この夏ずっとパジャマ・パーティーに出ないですむんだなあ、とクロエは思った。助かったぜ。九歳や十歳のころには、あれも楽しかったけど、最近は、とくに六年になってからは、ちっとも楽しくない。招かれているのは自分なんだけど、なかに入ったとたん、みんなと同じようにしなきゃなんない。(E・L・カニグズバーグ「Tバック戦争」小島希里・訳)
12歳の少女は、仲間たちが生みだす同調圧力に辟易していたのかもしれない。
だからこそ、クロエは、バーナデットの生き方に強い感銘を受けるのだ。
「あなたの年頃には、つまり、みんなにデッタって呼んでもらいたがったころには、雑誌や友達の顔で気に入ったものがあると、そのイメージにそっくりの顔になろうとして、しょっちゅう鏡をのぞきこんでたの。でも、あるとき、そんなこと卒業しようと思った。鏡をのぞきこんで、そっくりになろうとするんじゃなくて、顔を見つけだすことにしたの。そう、これは自分の顔だというものを見つけること。大切なのは、化粧だとか大変身だとかを問題にする前に、それを見つけるってことなの。十二歳って、ちょうどいい年頃よ」(E・L・カニグズバーグ「Tバック戦争」小島希里・訳)

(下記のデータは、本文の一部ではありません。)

lemma objective_le_loss:
  assumes z: "feasible f \<nu> H z"
  shows "objective \<beta> H r dt z \<le> loss \<beta> H f \<nu> r dt Q"
proof -
  have "0 \<le> (\<Sum>h=1..H. relent (z h) (tilted_occ Q h) + relent (z h) (tilted_pol_occ Q z h))"
    using relent_tilted_nonneg[OF _ z] by (intro sum_nonneg add_nonneg_nonneg) auto
  then show ?thesis using loss_eq_objective_plus_relent[OF z, of Q] beta_pos by simp
qed

end

section \<open>The maximiser and its dual values\<close>

function backward_rec :: "nat \<Rightarrow> (nat \<Rightarrow> ('s \<Rightarrow> real) \<Rightarrow> 's \<Rightarrow> real) \<Rightarrow> nat \<Rightarrow> 's \<Rightarrow> real" where
  "backward_rec H step h = (if H < h then (\<lambda>s. 0) else step h (backward_rec H step (Suc h)))"
  by auto
termination by (relation "measure (\<lambda>(H, step, h). Suc H - h)") auto

declare backward_rec.simps [simp del]

lemma backward_rec_above: "H < h \<Longrightarrow> backward_rec H step h = (\<lambda>s. 0)"
  by (simp add: backward_rec.simps)

lemma backward_rec_step: "h \<le> H \<Longrightarrow> backward_rec H step h = step h (backward_rec H step (Suc h))"
  by (subst backward_rec.simps) simp

locale mirror_step_max = mirror_step f \<nu> H \<beta> r dt
  for f :: "'s::finite \<Rightarrow> 'a::finite \<Rightarrow> 's \<Rightarrow> real" and \<nu> :: "'s \<Rightarrow> real" and H :: nat
    and \<beta> :: real and r dt :: "nat \<Rightarrow> 's \<times> 'a \<Rightarrow> real" +
  fixes d :: "nat \<Rightarrow> 's \<times> 'a \<Rightarrow> real"
  assumes d_feas: "feasible f \<nu> H d"
    and d_max: "\<forall>d'. feasible f \<nu> H d' \<longrightarrow> objective \<beta> H r dt d' \<le> objective \<beta> H r dt d"
begin

lemma d_nonneg: "h \<in> {1..H} \<Longrightarrow> 0 \<le> d h x"
  using d_feas unfolding feasible_iff by blast

lemma d_flow: "bellman_flow d \<nu>"
  using d_feas unfolding feasible_iff by blast

lemma d_pos:
  assumes h0: "h0 \<in> {1..H}"
  shows "0 < d h0 x0"
proof (rule ccontr)
  assume "\<not> 0 < d h0 x0"
  then have "d h0 x0 = 0" using d_nonneg[OF h0, of x0] by simp
  let ?m = "\<lambda>h. \<Sum>x\<in>UNIV. if d h x = 0 then dt h x else 0"
  have m_nonneg: "\<forall>h\<in>{1..H}. 0 \<le> ?m h" using dt_pos' by (simp add: sum_nonneg less_imp_le)
  have "dt h0 x0 \<le> ?m h0"
    using member_le_sum[of x0 UNIV "\<lambda>x. if d h0 x = 0 then dt h0 x else 0"] \<open>d h0 x0 = 0\<close>
      dt_pos' h0 by (simp add: less_imp_le)
  also have "\<dots> \<le> (\<Sum>h=1..H. ?m h)" by (rule member_le_sum) (use m_nonneg h0 in auto)
  finally have M_pos: "0 < (\<Sum>h=1..H. ?m h) / \<beta>" using dt_pos'[OF h0, of x0] beta_pos by simp
  obtain K where K: "\<And>t. 0 < t \<Longrightarrow> t \<le> 1 \<Longrightarrow> objective \<beta> H r dt d + t * K
      - t * ln t / \<beta> * (\<Sum>h=1..H. ?m h) \<le> objective \<beta> H r dt (\<lambda>h x. (1 - t) * d h x + t * dt h x)"
    using objective_mixture_ge[OF d_feas] by blast
  have "K \<le> ln t * ((\<Sum>h=1..H. ?m h) / \<beta>)" if t: "0 < t" "t \<le> 1" for t
  proof -
    have "objective \<beta> H r dt (\<lambda>h x. (1 - t) * d h x + t * dt h x) \<le> objective \<beta> H r dt d"
      using d_max feasible_mixture[OF d_feas dt_feas] t by simp
    then have "t * (K - ln t * ((\<Sum>h=1..H. ?m h) / \<beta>)) \<le> 0"
      using K[OF t] by (simp add: algebra_simps)
    then show ?thesis using t by (simp add: mult_le_0_iff)
  qed
  then show False using exists_ln_mult_less[OF M_pos] by (meson not_le)
qed

lemma stationary:
  assumes \<delta>: "bellman_flow \<delta> (\<lambda>s. 0)"
  shows "(\<Sum>h=1..H. \<Sum>x\<in>UNIV. \<delta> h x * stage_gradient h (d h) x) = 0"
proof -
  let ?grad = "\<Sum>h=1..H. \<Sum>x\<in>UNIV. \<delta> h x * stage_gradient h (d h) x"
  let ?curv = "\<Sum>h=1..H. 2 / \<beta> * (\<Sum>x\<in>UNIV. (\<delta> h x)\<^sup>2 / d h x)"
  have "\<forall>\<^sub>F t in nhds 0. \<forall>h\<in>{1..H}. \<forall>x. 0 < d h x + t * \<delta> h x"
  proof (intro eventually_ball_finite ballI eventually_all_finite allI)
    fix h x assume h: "h \<in> {1..H}"
    have "((\<lambda>t. d h x + t * \<delta> h x) \<longlongrightarrow> d h x + 0 * \<delta> h x) (nhds 0)"
      by (intro tendsto_intros filterlim_ident)
    then show "\<forall>\<^sub>F t in nhds 0. 0 < d h x + t * \<delta> h x"
      using d_pos[OF h] by (simp add: order_tendstoD(1))
  qed simp
  then obtain \<epsilon> where \<epsilon>: "0 < \<epsilon>"
    and pos: "\<And>t. \<bar>t\<bar> < \<epsilon> \<Longrightarrow> \<forall>h\<in>{1..H}. \<forall>x. 0 < d h x + t * \<delta> h x"
    unfolding eventually_nhds_metric dist_real_def by auto
  have "t * ?grad \<le> t\<^sup>2 * ?curv" if t: "\<bar>t\<bar> < \<epsilon>" for t
  proof -
    have "feasible f \<nu> H (\<lambda>h x. d h x + t * \<delta> h x)"
      using feasible_add_circulation[OF d_flow \<delta>] pos[OF t] by (simp add: less_imp_le)
    then have "objective \<beta> H r dt (\<lambda>h x. d h x + t * \<delta> h x) \<le> objective \<beta> H r dt d"
      using d_max by blast
    then show ?thesis using objective_perturb_ge[of d t \<delta>] d_pos pos[OF t] by simp
  qed
  then show ?thesis using linear_le_quadratic_imp_zero[OF \<epsilon>] by blast
qed

lemma ET_d_pos: "h \<in> {1..H} \<Longrightarrow> 0 < ET (d h) s"
  using d_pos ET_pos by blast

lemma sum_pol_d: "h \<in> {1..H} \<Longrightarrow> (\<Sum>a\<in>UNIV. pol (d h) a s) = 1"
  using ET_d_pos sum_pol by (metis less_irrefl)

text \<open>\<open>dual_value h\<close> is the multiplier of the flow constraint at stage \<open>h\<close>: the optimality
  condition of \<open>d\<close> turns out to be \<open>advantage h = 0\<close> (lemma \<open>advantage_eq_0\<close>).\<close>

definition dual_value :: "nat \<Rightarrow> 's \<Rightarrow> real" where
  "dual_value = backward_rec H (\<lambda>h W s. \<Sum>a\<in>UNIV. pol (d h) a s *
     (stage_gradient h (d h) (s, a) + Fop f W (s, a)))"

lemma dual_value_top: "dual_value (Suc H) = (\<lambda>s. 0)"
  by (simp add: dual_value_def backward_rec_above)

lemma dual_value_rec:
  "h \<le> H \<Longrightarrow> dual_value h s
    = (\<Sum>a\<in>UNIV. pol (d h) a s * (stage_gradient h (d h) (s, a) + Fop f (dual_value (Suc h)) (s, a)))"
  unfolding dual_value_def by (subst backward_rec_step) auto

definition advantage :: "nat \<Rightarrow> 's \<times> 'a \<Rightarrow> real" where
  "advantage h x = stage_gradient h (d h) x + Fop f (dual_value (Suc h)) x - dual_value h (fst x)"

lemma sum_pol_advantage:
  assumes h: "h \<in> {1..H}"
  shows "(\<Sum>a\<in>UNIV. pol (d h) a s * advantage h (s, a)) = 0"
proof -
  have "(\<Sum>a\<in>UNIV. pol (d h) a s * advantage h (s, a))
      = (\<Sum>a\<in>UNIV. pol (d h) a s * (stage_gradient h (d h) (s, a) + Fop f (dual_value (Suc h)) (s, a)))
        - (\<Sum>a\<in>UNIV. pol (d h) a s) * dual_value h s"
    unfolding advantage_def by (simp add: right_diff_distrib sum_subtractf sum_distrib_right)
  then show ?thesis using h dual_value_rec[of h s] sum_pol_d[OF h] by simp
qed

lemma sum_gradient_eq_sum_advantage:
  assumes \<delta>: "bellman_flow \<delta> (\<lambda>s. 0)"
  shows "(\<Sum>h=1..H. \<Sum>x\<in>UNIV. \<delta> h x * stage_gradient h (d h) x)
    = (\<Sum>h=1..H. \<Sum>x\<in>UNIV. \<delta> h x * advantage h x)"
proof -
  have "(\<Sum>h=1..H. \<Sum>x\<in>UNIV. \<delta> h x * advantage h x)
      = (\<Sum>h=1..H. \<Sum>x\<in>UNIV. \<delta> h x * stage_gradient h (d h) x)
        + (\<Sum>h=1..H. (\<Sum>x\<in>UNIV. \<delta> h x * Fop f (dual_value (h + 1)) x)
            - (\<Sum>x\<in>UNIV. \<delta> h x * dual_value h (fst x)))"
    unfolding advantage_def by (simp add: algebra_simps sum.distrib sum_subtractf)
  then show ?thesis using bellman_flow_telescope[of \<delta> "\<lambda>s. 0" dual_value] \<delta> dual_value_top by simp
qed

text \<open>Moves mass at stage \<open>h\<^sub>0\<close> in state \<open>s\<^sub>0\<close> from \<open>\<pi>\<^sub>d(\<cdot>|s\<^sub>0)\<close> onto \<open>a\<^sub>0\<close> and lets the
  change propagate under \<open>\<pi>\<^sub>d\<close> at later stages; since it has no initial flow, it is an admissible
  direction, and it isolates \<open>advantage h\<^sub>0 (s\<^sub>0, a\<^sub>0)\<close>.\<close>

primrec probe :: "nat \<Rightarrow> 's \<Rightarrow> 'a \<Rightarrow> nat \<Rightarrow> 's \<times> 'a \<Rightarrow> real" where
  "probe h0 s0 a0 0 = (\<lambda>x. 0)"
| "probe h0 s0 a0 (Suc h) =
    (if Suc h < h0 then (\<lambda>x. 0)
     else if Suc h = h0 then
       (\<lambda>x. if fst x = s0 then (if snd x = a0 then 1 else 0) - pol (d h0) (snd x) s0 else 0)
     else (\<lambda>x. FT f (probe h0 s0 a0 h) (fst x) * pol (d (Suc h)) (snd x) (fst x)))"

lemma probe_below: "h < h0 \<Longrightarrow> probe h0 s0 a0 h = (\<lambda>x. 0)"
  by (cases h) auto

lemma probe_at:
  "1 \<le> h0 \<Longrightarrow> probe h0 s0 a0 h0
    = (\<lambda>x. if fst x = s0 then (if snd x = a0 then 1 else 0) - pol (d h0) (snd x) s0 else 0)"
  by (cases h0) auto

lemma probe_above:
  "h0 < Suc h \<Longrightarrow> probe h0 s0 a0 (Suc h)
    = (\<lambda>x. FT f (probe h0 s0 a0 h) (fst x) * pol (d (Suc h)) (snd x) (fst x))"
  by simp

lemma probe_flow:
  assumes h0: "h0 \<in> {1..H}"
  shows "bellman_flow (probe h0 s0 a0) (\<lambda>s. 0)"
  unfolding bellman_flow_def
proof
  fix h assume h: "h \<in> {1..H}"
  have FT_0: "FT f (\<lambda>x. 0) = (\<lambda>s. 0)" by (simp add: FT_def fun_eq_iff)
  consider "h < h0" | "h = h0" | "h0 < h" by linarith
  then show "ET (probe h0 s0 a0 h) = (if h = 1 then (\<lambda>s. 0) else FT f (probe h0 s0 a0 (h - 1)))"
  proof cases
    case 1
    then show ?thesis by (simp add: probe_below FT_0 ET_def fun_eq_iff)
  next
    case 2
    have "ET (probe h0 s0 a0 h0) s = 0" for s
      using h0 sum_pol_d[OF h0, of s0] by (cases "s = s0") (simp_all add: probe_at ET_def sum_subtractf)
    then show ?thesis using 2 h0 by (simp add: probe_below FT_0 fun_eq_iff)
  next
    case 3
    then obtain k where k: "h = Suc k" "h0 \<le> k" by (cases h) auto
    have "ET (probe h0 s0 a0 h) s = FT f (probe h0 s0 a0 k) s * (\<Sum>a\<in>UNIV. pol (d h) a s)" for s
      using k by (simp add: probe_above ET_def sum_distrib_left)
    then show ?thesis using k h0 sum_pol_d[OF h] by (simp add: fun_eq_iff)
  qed
qed

lemma sum_probe_advantage:
  assumes h0: "h0 \<in> {1..H}" and h: "h \<in> {1..H}"
  shows "(\<Sum>x\<in>UNIV. probe h0 s0 a0 h x * advantage h x) = (if h = h0 then advantage h0 (s0, a0) else 0)"
proof -
  consider "h < h0" | "h = h0" | "h0 < h" by linarith
  then show ?thesis
  proof cases
    case 1
    then show ?thesis by (simp add: probe_below)
  next
    case 2
    have "(\<Sum>x\<in>UNIV. probe h0 s0 a0 h0 x * advantage h0 x) = (\<Sum>s\<in>UNIV. if s = s0 then
        (\<Sum>a\<in>UNIV. ((if a = a0 then 1 else 0) - pol (d h0) a s0) * advantage h0 (s0, a)) else 0)"
      using h0 unfolding sum_UNIV_prod by (intro sum.cong) (auto simp: probe_at)
    also have "\<dots> = advantage h0 (s0, a0) - (\<Sum>a\<in>UNIV. pol (d h0) a s0 * advantage h0 (s0, a))"
      by (simp add: left_diff_distrib sum_subtractf if_distrib[of "\<lambda>u. u * _"] cong: if_cong)
    finally show ?thesis using 2 sum_pol_advantage[OF h0] by simp
  next
    case 3
    then obtain k where k: "h = Suc k" "h0 < Suc k" by (cases h) auto
    have "(\<Sum>x\<in>UNIV. probe h0 s0 a0 h x * advantage h x)
        = (\<Sum>s\<in>UNIV. FT f (probe h0 s0 a0 k) s * (\<Sum>a\<in>UNIV. pol (d h) a s * advantage h (s, a)))"
      unfolding k probe_above[OF k(2)] by (simp add: sum_UNIV_prod sum_distrib_left algebra_simps)
    then show ?thesis using 3 sum_pol_advantage[OF h] by simp
  qed
qed

lemma advantage_eq_0:
  assumes h0: "h0 \<in> {1..H}"
  shows "advantage h0 (s0, a0) = 0"
proof -
  have "0 = (\<Sum>h=1..H. \<Sum>x\<in>UNIV. probe h0 s0 a0 h x * stage_gradient h (d h) x)"
    using stationary[OF probe_flow[OF h0]] by simp
  also have "\<dots> = (\<Sum>h=1..H. \<Sum>x\<in>UNIV. probe h0 s0 a0 h x * advantage h x)"
    by (rule sum_gradient_eq_sum_advantage[OF probe_flow[OF h0]])
  also have "\<dots> = (\<Sum>h=1..H. if h = h0 then advantage h0 (s0, a0) else 0)"
    using sum_probe_advantage[OF h0] by simp
  finally show ?thesis using h0 by simp
qed

section \<open>The minimiser of the loss\<close>

definition Q_star :: "nat \<Rightarrow> 's \<times> 'a \<Rightarrow> real" where
  "Q_star h x = (ln (pol (d h) (snd x) (fst x)) - ln (pol (dt h) (snd x) (fst x))) / \<beta>
    + dual_value h (fst x)"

「自分の顔」とは、つまり、自分そのものを意味している。
人は、12歳にもなれば、本当の自分自身に出会えるものなのだ。
Tバック戦争という混乱の中でも、自分自身を見失うことのなかったバーナデットから、クロエの学んだものは多い。
「浸水洗礼」やら髪の毛の誓約書やらをこわがったりは、もうしない。それは、はっきりとわかっていた。行きたくないお泊りパーティーに行きたくないって言うのも、もうこわくない。それもはっきりわかっていた。(E・L・カニグズバーグ「Tバック戦争」小島希里・訳)
新しい自分に出会い始めているクロエは、もしかすると、生きにくい時代を生きることになるかもしれない。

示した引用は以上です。